## TASK TO CARRY OUT
Select the lines below containing the word "True".

EXERCISE MATERIALS Start Marker

lemma fps_cong_0_power_diff_linear:
  fixes x y :: "'b::comm_ring_1 fps"
  assumes A: "fps_cong A (x - y) 0" and s: "fps_cong s x 0" "fps_cong s y 0"
  shows "fps_cong (2 * A + s * m)
           (x ^ (m + 2) - y ^ (m + 2) - of_nat (m + 2) * y ^ (m + 1) * (x - y)) 0"
proof (induction m)
  case 0
  have "x ^ (0 + 2) - y ^ (0 + 2) - of_nat (0 + 2) * y ^ (0 + 1) * (x - y) = (x - y) * (x - y)"
    by (simp add: algebra_simps power2_eq_square)
  moreover have "2 * A + s * 0 = A + A"
    by simp
  ultimately show ?case
    using fps_cong_0_mult[OF A A] by (simp only:)
next
  case (Suc m)
  define T where "T = x ^ (m + 2) - y ^ (m + 2) - of_nat (m + 2) * y ^ (m + 1) * (x - y)"
  have "x ^ (Suc m + 2) - y ^ (Suc m + 2) - of_nat (Suc m + 2) * y ^ (Suc m + 1) * (x - y)
      = x * T + of_nat (m + 2) * (y ^ (m + 1) * ((x - y) * (x - y)))"
    unfolding T_def by (simp add: algebra_simps)
  moreover have "fps_cong (2 * A + s * Suc m) (x * T) 0"
    using fps_cong_0_mult[OF s(1) Suc.IH[folded T_def]] by (rule fps_cong_mono) simp
  moreover have "fps_cong (2 * A + s * Suc m) (of_nat (m + 2) * (y ^ (m + 1) * ((x - y) * (x - y)))) 0"
    using fps_cong_0_mult_left[OF fps_cong_0_mult[OF fps_cong_0_power[OF s(2)] fps_cong_0_mult[OF A A]]]
    by (rule fps_cong_mono) simp
  ultimately show ?case
    using fps_cong_add[of "2 * A + s * Suc m" "x * T" 0] by (simp only: add_0)
qed

section \<open>Characteristic p\<close>

context
  assumes prime_card: "prime CARD('a::{field,finite})"
begin

lemma CHAR_eq_CARD: "CHAR('a) = CARD('a)"
proof -
  have "CHAR('a) dvd CARD('a)"
    by (rule CHAR_dvd_CARD)
  then show ?thesis
    using prime_card CHAR_not_1[where 'a='a] unfolding prime_nat_iff by auto
qed

lemma of_nat_eq_0_iff_CARD_dvd: "(of_nat n :: 'a) = 0 \<longleftrightarrow> CARD('a) dvd n"
  using of_nat_eq_0_iff_char_dvd[where 'a='a] by (simp add: CHAR_eq_CARD)

lemma of_nat_mod_CARD: "(of_nat (n mod CARD('a)) :: 'a) = of_nat n"
  using of_nat_eq_iff_cong_CHAR[where 'a='a] by (simp add: CHAR_eq_CARD cong_def)

lemma of_nat_CARD_mult_plus_1: "(of_nat (CARD('a) * j + 1) :: 'a) = 1"
proof -
  have "(CARD('a) * j + 1) mod CARD('a) = 1"
    using prime_ge_2_nat[OF prime_card] by (simp add: mod_Suc)
  then show ?thesis
    using of_nat_mod_CARD[of "CARD('a) * j + 1"] by simp
qed

lemma fps_add_power_CARD: "((x::'a fps) + y) ^ CARD('a) = x ^ CARD('a) + y ^ CARD('a)"
  by (rule freshmans_dream) (use prime_card in \<open>simp_all add: CHAR_eq_CARD\<close>)

lemma sum_power_plus_1_CARD: "(\<Sum>l<CARD('a). ((x::'a fps) + 1) ^ l) = x ^ (CARD('a) - 1)"
proof (cases "x = 0")
  case True
  have "(of_nat CARD('a) :: 'a fps) = 0"
    by (simp add: of_nat_eq_0_iff_char_dvd CHAR_eq_CARD)
  then show ?thesis
    using True prime_gt_1_nat[OF prime_card] by simp
next
  case False
  have "x * (\<Sum>l<CARD('a). (x + 1) ^ l) = (x + 1) ^ CARD('a) - 1"
    using power_diff_1_eq[of "x + 1" "CARD('a)"] by simp
  also have "\<dots> = x ^ Suc (CARD('a) - 1)"
    using fps_add_power_CARD[of x 1] prime_gt_1_nat[OF prime_card] by simp
  also have "\<dots> = x * x ^ (CARD('a) - 1)"
    by (rule power_Suc)
  finally show ?thesis
    using False by simp
qed

end

section \<open>Series in \<open>X ^ p\<close> and the first-order Taylor formula\<close>

lemma Sset_nth_0: "f \<in> Sset \<Longrightarrow> f $ 0 = 0"
  by (simp add: Sset_def)

lemma Sset_nth_1: "f \<in> Sset \<Longrightarrow> f $ 1 = 1"
  by (simp add: Sset_def)

lemma Sset_nth_nonzero:
  "f \<in> (Sset :: 'a::{field,finite} fps set) \<Longrightarrow> f $ n \<noteq> 0 \<Longrightarrow> 2 \<le> n \<Longrightarrow>
     n mod CARD('a) = 0 \<or> n mod CARD('a) = 1"
  by (auto simp: Sset_def)

definition p_supported :: "'a::{field,finite} fps \<Rightarrow> bool" where
  "p_supported G \<longleftrightarrow> (\<forall>n. G $ n \<noteq> 0 \<longrightarrow> CARD('a) dvd n)"

lemma fps_cong_deriv_minus_1:
  "fps_cong d f fps_X \<Longrightarrow> fps_cong (d - 1) (fps_deriv f - 1) 0"
  unfolding fps_cong_def
proof (intro allI impI)
  fix n assume "\<forall>k<d. f $ k = fps_X $ k" "n < d - 1"
  then have "f $ (n + 1) = fps_X $ (n + 1)"
    by simp
  then show "(fps_deriv f - 1) $ n = 0 $ n"
    by (cases n) auto
qed

lemma fps_cong_minus_X_mult_deriv:
  "fps_cong d f fps_X \<Longrightarrow> fps_cong d (f - fps_X * fps_deriv f) 0"
  unfolding fps_cong_def
proof (intro allI impI)
  fix n assume "\<forall>k<d. f $ k = fps_X $ k" "n < d"
  then have "f $ n = fps_X $ n"
    by simp
  then show "(f - fps_X * fps_deriv f) $ n = 0 $ n"
    by (cases n) auto
qed

context
  assumes prime_card: "prime CARD('a::{field,finite})"
begin

lemma p_supported_deriv_minus_1:
  assumes f: "(f::'a fps) \<in> Sset"
  shows "p_supported (fps_deriv f - 1)"
  unfolding p_supported_def
proof (intro allI impI)
  fix n assume nz: "(fps_deriv f - 1) $ n \<noteq> 0"
  show "CARD('a) dvd n"
  proof (cases "n = 0")
    case False
    then have coeff: "of_nat (n + 1) * f $ (n + 1) \<noteq> 0"
      using nz by simp
    then have "(n + 1) mod CARD('a) = 0 \<or> (n + 1) mod CARD('a) = 1"
      using Sset_nth_nonzero[OF f, of "n + 1"] False by auto
    moreover have "\<not> CARD('a) dvd (n + 1)"
      using coeff of_nat_eq_0_iff_CARD_dvd[OF prime_card, of "n + 1"] by auto
    then have "(n + 1) mod CARD('a) \<noteq> 0"
      by (simp add: dvd_eq_mod_eq_0)
    ultimately have "Suc n mod CARD('a) = 1"
      by simp
    then show ?thesis
      by (auto simp: mod_Suc mod_0_imp_dvd split: if_splits)
  qed simp
qed

lemma p_supported_minus_X_mult_deriv:
  assumes f: "(f::'a fps) \<in> Sset"
  shows "p_supported (f - fps_X * fps_deriv f)"
  unfolding p_supported_def
proof (intro allI impI)
  fix n assume nz: "(f - fps_X * fps_deriv f) $ n \<noteq> 0"
  have n0: "n \<noteq> 0"
    using nz Sset_nth_0[OF f] by (cases n) auto
  then have "(f - fps_X * fps_deriv f) $ n = (1 - of_nat n) * f $ n"
    by (cases n) (auto simp: algebra_simps)
  then have coeff: "(1 - of_nat n) * f $ n \<noteq> 0"
    using nz by simp
  then have "n \<noteq> 1"
    by auto
  then have "n mod CARD('a) = 0 \<or> n mod CARD('a) = 1"
    using Sset_nth_nonzero[OF f, of n] coeff n0 by auto
  moreover have "n mod CARD('a) \<noteq> 1"
    using coeff of_nat_mod_CARD[OF prime_card, of n] by auto
  ultimately show "CARD('a) dvd n"
    by auto
qed

text \<open>A series in \<open>X ^ p\<close> barely moves under substitution of \<open>g \<equiv> X\<close>, because
  \<open>g ^ p - X ^ p = (g - X) ^ p\<close>.\<close>

lemma p_supported_compose:
  assumes G: "p_supported (G::'a fps)" and e: "fps_cong e G 0"
    and r: "1 \<le> r" and g: "fps_cong r g fps_X"
  shows "fps_cong (e + CARD('a) * (r - 1)) (G oo g) G"
  unfolding fps_cong_def
proof (intro allI impI)
  define q where "q = CARD('a)"
  fix n assume n: "n < e + CARD('a) * (r - 1)"
  have key: "(g ^ i) $ n = (fps_X ^ i) $ n" if Gi: "G $ i \<noteq> 0" for i
  proof -
    obtain l where i: "i = q * l"
      using G Gi by (auto simp: p_supported_def q_def)
    show ?thesis
    proof (cases "l = 0")
      case False
      have "fps_cong r (g - fps_X) 0"
        using g by (simp add: fps_cong_def)
      then have A: "fps_cong (r * q) (g ^ q - fps_X ^ q) 0"
        using fps_add_power_CARD[OF prime_card, of "g - fps_X" fps_X] fps_cong_0_power
        by (simp add: q_def)
      have "fps_cong 1 g 0"
        using fps_cong_X_nth_0[OF r g] by (simp add: fps_cong_def)
      then have s1: "fps_cong q (g ^ q) 0"
        using fps_cong_0_power by fastforce
      have s2: "fps_cong q ((fps_X :: 'a fps) ^ q) 0"
        by (simp add: fps_cong_def)
      have "fps_cong (r * q + (l - 1) * q) ((g ^ q) ^ l - (fps_X ^ q) ^ l) 0"
        using fps_cong_0_power_diff[OF A s1 s2] False by simp
      moreover have "e \<le> i"
        using e Gi by (auto simp: fps_cong_def not_less[symmetric])
      then have "n < r * q + (l - 1) * q"
        using n i False r by (cases l; cases r) (auto simp: q_def algebra_simps)
      ultimately show ?thesis
        unfolding i by (auto simp: fps_cong_def power_mult)
    qed (simp add: i)
  qed
  have "(G oo g) $ n = (\<Sum>i = 0..n. G $ i * (fps_X ^ i) $ n)"
    unfolding fps_compose_nth using key by (intro sum.cong refl) (metis mult_zero_left)
  also have "\<dots> = (\<Sum>i = 0..n. if i = n then G $ i else 0)"
    by (intro sum.cong) auto
  also have "\<dots> = G $ n"
    by (simp add: sum.delta')
  finally show "(G oo g) $ n = G $ n" .
qed

lemma p_supported_fps_cong_0_extend:
  assumes "p_supported (G::'a fps)" "fps_cong (CARD('a) * j + 1) G 0"
  shows "fps_cong (CARD('a) * (j + 1)) G 0"
  unfolding fps_cong_def
proof (intro allI impI)
  fix n assume n: "n < CARD('a) * (j + 1)"
  show "G $ n = 0 $ n"
  proof (cases "n < CARD('a) * j + 1")
    case False
    have "\<not> CARD('a) dvd n"
    proof
      assume "CARD('a) dvd n"
      then obtain l where "n = CARD('a) * l"
        by blast
      with n False show False
        by (metis Suc_eq_plus1 add_lessD1 le_eq_less_or_eq less_Suc_eq mult_le_cancel1 not_less)
    qed
    then show ?thesis
      using assms(1) by (auto simp: p_supported_def)
  qed (use assms(2) in \<open>simp add: fps_cong_def\<close>)
qed

text \<open>Writing \<open>f = X \<cdot> f' + (f - X \<cdot> f')\<close>, where \<open>f' - 1\<close> and \<open>f - X \<cdot> f'\<close> are series in \<open>X ^ p\<close>.\<close>

lemma Sset_compose_cong:
  assumes f: "(f::'a fps) \<in> Sset" and d: "1 \<le> d" "fps_cong d f fps_X"
    and r: "1 \<le> r" "fps_cong r g fps_X"
  shows "fps_cong (d + CARD('a) * (r - 1)) (f oo g) (g * fps_deriv f + (f - fps_X * fps_deriv f))"
proof -
  define Df where "Df = fps_deriv f"
  define Rf where "Rf = f - fps_X * Df"
  have g0: "g $ 0 = 0"
    using fps_cong_X_nth_0[OF r] .
  have "f = fps_X * (Df - 1) + fps_X + Rf"
    by (simp add: Rf_def algebra_simps)
  then have "f oo g = (fps_X oo g) * ((Df - 1) oo g) + (fps_X oo g) + (Rf oo g)"
    by (metis fps_compose_add_distrib fps_compose_mult_distrib[OF g0])
  then have comp: "f oo g = g * ((Df - 1) oo g) + g + (Rf oo g)"
    using g0 by simp
  have "fps_cong (d - 1 + CARD('a) * (r - 1)) ((Df - 1) oo g) (Df - 1)"
    using p_supported_compose[OF p_supported_deriv_minus_1[OF f] fps_cong_deriv_minus_1[OF d(2)] r]
    by (simp add: Df_def)
  then have "fps_cong (1 + (d - 1 + CARD('a) * (r - 1))) (g * (((Df - 1) oo g) - (Df - 1))) 0"
    using fps_cong_0_mult[of 1 g] g0 by (simp add: fps_cong_def fps_cong_iff_diff[symmetric])
  then have "fps_cong (d + CARD('a) * (r - 1)) (g * ((Df - 1) oo g)) (g * (Df - 1))"
    using d(1) by (simp add: fps_cong_iff_diff[of _ "g * _"] algebra_simps)
  moreover have "fps_cong (d + CARD('a) * (r - 1)) (Rf oo g) Rf"
    using p_supported_compose[OF p_supported_minus_X_mult_deriv[OF f] fps_cong_minus_X_mult_deriv[OF d(2)] r]
    by (simp add: Rf_def Df_def)
  ultimately have "fps_cong (d + CARD('a) * (r - 1)) (f oo g) (g * (Df - 1) + g + Rf)"
    unfolding comp by (intro fps_cong_add fps_cong_refl)
  then show ?thesis
    by (simp add: Df_def Rf_def algebra_simps)
qed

EXERCISE MATERIALS End Marker

## RESULT
  case True
    using True prime_gt_1_nat[OF prime_card] by simp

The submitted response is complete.